With all the political parties now offering more devolution for Scotland and Wales, another huge question has to be addressed. Our own special adviser, Professor Tomkins, pointed out at the same seminar that if there is a no vote the interesting question will be: what happens next? He suggested that in the event of a no outcome, what needs to happen is for the future of Scotland’s constitutional position to be put in the context of the whole of the UK. He argued that the voices of the Governments and peoples in Northern Ireland, Wales and the north of England have to be brought to the table. At the moment, he observed, there is no table for these voices to be heard; one has to be built.

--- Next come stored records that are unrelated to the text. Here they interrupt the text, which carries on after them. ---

theorem traj_tendsto_attracting_fixed_point:
  fixes Ts :: "nat \<Rightarrow> 'a::metric_space \<Rightarrow> 'a"
  assumes compC: "compact C"
    and inv: "\<And>i x. x \<in> C \<Longrightarrow> Ts i x \<in> C"
    and unif: "uniform_limit C Ts T sequentially"
    and contT: "continuous_on C T"
    and Tp: "T p = p"
    and attract: "\<And>y. y \<in> C \<Longrightarrow> y \<noteq> p \<Longrightarrow> dist (T y) p < dist y p"
    and x: "x \<in> C"
  shows "(\<lambda>k. traj Ts k x) \<longlonglongrightarrow> p"
proof (rule metric_LIMSEQ_I)
  fix e :: real
  assume "e > 0"
  define \<delta> where "\<delta> = e / 2"
  define a where "a k = dist (traj Ts k x) p" for k
  define K where "K = C \<inter> {y. \<delta> \<le> dist y p}"
  have "\<delta> > 0" using \<open>e > 0\<close> by (simp add: \<delta>_def)
  have compK: "compact K"
    unfolding K_def using compC
    by (intro compact_Int_closed closed_Collect_le continuous_intros) auto
  have cont_gain: "continuous_on K (\<lambda>y. dist y p - dist (T y) p)"
    using contT unfolding K_def by (intro continuous_intros) (auto intro: continuous_on_subset)
  have pos_gain: "dist y p - dist (T y) p > 0" if "y \<in> K" for y
  proof -
    have "y \<in> C" "y \<noteq> p"
      using that \<open>\<delta> > 0\<close> by (auto simp: K_def)
    then show ?thesis using attract by simp
  qed
  obtain \<eta> where "\<eta> > 0" and gain: "\<And>y. y \<in> K \<Longrightarrow> \<eta> \<le> dist y p - dist (T y) p"
    using compact_continuous_pos_bounded_below[OF compK cont_gain pos_gain] by blast
  define \<epsilon> where "\<epsilon> = min \<eta> \<delta> / 2"
  have "\<epsilon> > 0" using \<open>\<eta> > 0\<close> \<open>\<delta> > 0\<close> by (simp add: \<epsilon>_def)
  obtain N where close: "\<And>n y. n \<ge> N \<Longrightarrow> y \<in> C \<Longrightarrow> dist (Ts n y) (T y) < \<epsilon>"
    using uniform_limitD[OF unif \<open>\<epsilon> > 0\<close>] unfolding eventually_sequentially by blast
  have "a (Suc k) \<le> max (a k - \<epsilon>) (\<delta> + \<epsilon>)" if "k \<ge> N" for k
  proof -
    define y where "y = traj Ts k x"
    have "y \<in> C" unfolding y_def using inv x by (rule traj_in_invariant)
    have ak: "a k = dist y p" by (simp add: a_def y_def)
    have "a (Suc k) \<le> dist (Ts (Suc k) y) (T y) + dist (T y) p"
      unfolding a_def y_def by (simp add: dist_triangle)
    also have "\<dots> < \<epsilon> + dist (T y) p"
      using close \<open>k \<ge> N\<close> \<open>y \<in> C\<close> by simp
    also have "\<dots> \<le> max (a k - \<epsilon>) (\<delta> + \<epsilon>)"
    proof (cases "\<delta> \<le> a k")
      case True
      then have "y \<in> K"
        using \<open>y \<in> C\<close> unfolding K_def ak by simp
      then have "\<eta> \<le> a k - dist (T y) p"
        unfolding ak by (rule gain)
      then show ?thesis unfolding \<epsilon>_def by linarith
    next
      case False
      moreover have "dist (T y) p \<le> a k"
        using attract[OF \<open>y \<in> C\<close>] Tp unfolding ak by (cases "y = p") auto
      ultimately show ?thesis by linarith
    qed
    finally show ?thesis by simp
  qed
  then have "eventually (\<lambda>k. a k \<le> \<delta> + \<epsilon>) sequentially"
    using \<open>\<epsilon> > 0\<close> unfolding a_def
    by (intro eventually_le_of_stepwise_descent) (auto simp: eventually_sequentially)
  then obtain M where "\<And>k. k \<ge> M \<Longrightarrow> a k \<le> \<delta> + \<epsilon>"
    unfolding eventually_sequentially by blast
  moreover have "\<delta> + \<epsilon> < e"
    using \<open>e > 0\<close> unfolding \<epsilon>_def \<delta>_def by linarith
  ultimately show "\<exists>M. \<forall>k\<ge>M. dist (traj Ts k x) p < e"
    unfolding a_def by force
qed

I am sure that Professor Tomkins is right but I would go further, as have many speakers in this debate today. We should not be awaiting the outcome of the referendum; we should be beginning to construct a table for the voices to be heard. At Questions yesterday the noble Lord, Lord Foulkes of Cumnock, suggested a constitutional commission to examine further devolution and decentralisation. Others have suggested a convention. My noble friend Lord Strathclyde suggested a committee representing the Parliaments and Assemblies of the whole United Kingdom.
Whatever method we adopt, we need to pursue with vigour a holistic solution to what is now an urgent problem. The more that this Parliament makes it clear that this is a question that is being considered with urgency, and that finding a solution will be a high priority for the next Government, whoever forms that Government, the more likely it is that the people of Scotland will want to remain within the union and play a major part in fundamentally reshaping it—in shaping the new, reformed United Kingdom referred to by the noble Lords, Lord McConnell and Lord Stephen—rather than see it happen without them and face alone the huge uncertainties outside.